Only a number is wanted here: the count of lines in the entries below that include the word "exponent".

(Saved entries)
━━━━━━━━━━━━━━━━━━━━━━━━━━━━━━

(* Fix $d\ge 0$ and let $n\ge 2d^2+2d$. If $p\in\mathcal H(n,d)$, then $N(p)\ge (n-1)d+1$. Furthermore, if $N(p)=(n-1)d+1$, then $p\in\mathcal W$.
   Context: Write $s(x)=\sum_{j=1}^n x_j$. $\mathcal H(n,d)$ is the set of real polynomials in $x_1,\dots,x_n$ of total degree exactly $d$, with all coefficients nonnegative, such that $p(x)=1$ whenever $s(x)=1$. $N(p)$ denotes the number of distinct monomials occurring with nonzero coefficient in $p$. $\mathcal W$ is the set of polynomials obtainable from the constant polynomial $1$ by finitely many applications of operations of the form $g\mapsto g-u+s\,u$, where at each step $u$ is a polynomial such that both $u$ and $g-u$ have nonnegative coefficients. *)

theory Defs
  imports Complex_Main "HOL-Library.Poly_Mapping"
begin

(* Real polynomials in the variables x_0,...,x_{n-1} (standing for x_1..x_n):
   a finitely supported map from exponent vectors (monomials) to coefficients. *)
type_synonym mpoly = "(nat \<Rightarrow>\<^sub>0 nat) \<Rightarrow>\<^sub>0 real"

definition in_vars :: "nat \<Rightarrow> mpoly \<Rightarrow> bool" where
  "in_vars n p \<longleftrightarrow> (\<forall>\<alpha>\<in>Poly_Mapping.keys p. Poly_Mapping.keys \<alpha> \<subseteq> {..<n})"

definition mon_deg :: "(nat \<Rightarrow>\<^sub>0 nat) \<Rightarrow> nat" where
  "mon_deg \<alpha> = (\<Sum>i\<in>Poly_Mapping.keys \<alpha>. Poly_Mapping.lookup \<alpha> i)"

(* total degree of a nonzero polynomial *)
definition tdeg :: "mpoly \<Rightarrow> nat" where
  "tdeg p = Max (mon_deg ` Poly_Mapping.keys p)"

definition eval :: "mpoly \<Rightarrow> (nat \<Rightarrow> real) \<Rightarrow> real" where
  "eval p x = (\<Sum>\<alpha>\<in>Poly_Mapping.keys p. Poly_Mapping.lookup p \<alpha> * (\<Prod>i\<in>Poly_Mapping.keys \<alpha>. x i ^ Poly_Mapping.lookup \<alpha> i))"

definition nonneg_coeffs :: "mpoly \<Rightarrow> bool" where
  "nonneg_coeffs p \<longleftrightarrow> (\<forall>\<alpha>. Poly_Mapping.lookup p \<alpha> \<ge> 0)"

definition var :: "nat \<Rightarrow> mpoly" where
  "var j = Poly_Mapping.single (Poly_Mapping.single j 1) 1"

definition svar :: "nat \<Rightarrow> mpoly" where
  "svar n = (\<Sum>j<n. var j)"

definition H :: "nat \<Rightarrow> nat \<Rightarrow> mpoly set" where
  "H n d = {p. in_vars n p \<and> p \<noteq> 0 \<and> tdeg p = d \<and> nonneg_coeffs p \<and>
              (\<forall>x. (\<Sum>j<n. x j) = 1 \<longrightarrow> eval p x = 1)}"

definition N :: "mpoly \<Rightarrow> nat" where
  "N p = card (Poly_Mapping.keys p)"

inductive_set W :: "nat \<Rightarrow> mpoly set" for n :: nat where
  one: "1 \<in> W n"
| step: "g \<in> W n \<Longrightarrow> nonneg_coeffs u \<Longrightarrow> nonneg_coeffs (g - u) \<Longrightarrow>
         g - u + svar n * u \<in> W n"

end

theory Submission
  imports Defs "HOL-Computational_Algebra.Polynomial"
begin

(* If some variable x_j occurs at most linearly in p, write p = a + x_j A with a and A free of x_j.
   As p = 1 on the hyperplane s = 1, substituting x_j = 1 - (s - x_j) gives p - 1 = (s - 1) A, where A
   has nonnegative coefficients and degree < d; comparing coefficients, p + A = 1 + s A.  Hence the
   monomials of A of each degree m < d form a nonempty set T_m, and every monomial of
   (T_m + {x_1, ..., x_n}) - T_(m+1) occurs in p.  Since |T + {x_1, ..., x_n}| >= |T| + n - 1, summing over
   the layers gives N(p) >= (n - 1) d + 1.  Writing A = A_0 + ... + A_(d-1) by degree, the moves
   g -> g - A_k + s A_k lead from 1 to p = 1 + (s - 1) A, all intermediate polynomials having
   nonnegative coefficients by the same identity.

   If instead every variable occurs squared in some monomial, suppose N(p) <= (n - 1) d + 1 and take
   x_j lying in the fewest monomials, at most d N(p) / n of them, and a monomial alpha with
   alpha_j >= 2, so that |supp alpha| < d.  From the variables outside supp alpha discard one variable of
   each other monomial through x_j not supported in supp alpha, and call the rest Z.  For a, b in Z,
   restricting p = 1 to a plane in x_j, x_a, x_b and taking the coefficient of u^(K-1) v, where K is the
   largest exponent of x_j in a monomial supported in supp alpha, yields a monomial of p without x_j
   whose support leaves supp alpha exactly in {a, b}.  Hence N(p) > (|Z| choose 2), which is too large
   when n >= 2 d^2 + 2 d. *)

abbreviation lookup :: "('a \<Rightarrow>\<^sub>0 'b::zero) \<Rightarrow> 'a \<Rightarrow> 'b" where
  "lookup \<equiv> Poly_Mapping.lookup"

━━━━━━━━━━━━━━━━━━━━━━━━━━━━━━

■ Expected answer ■
2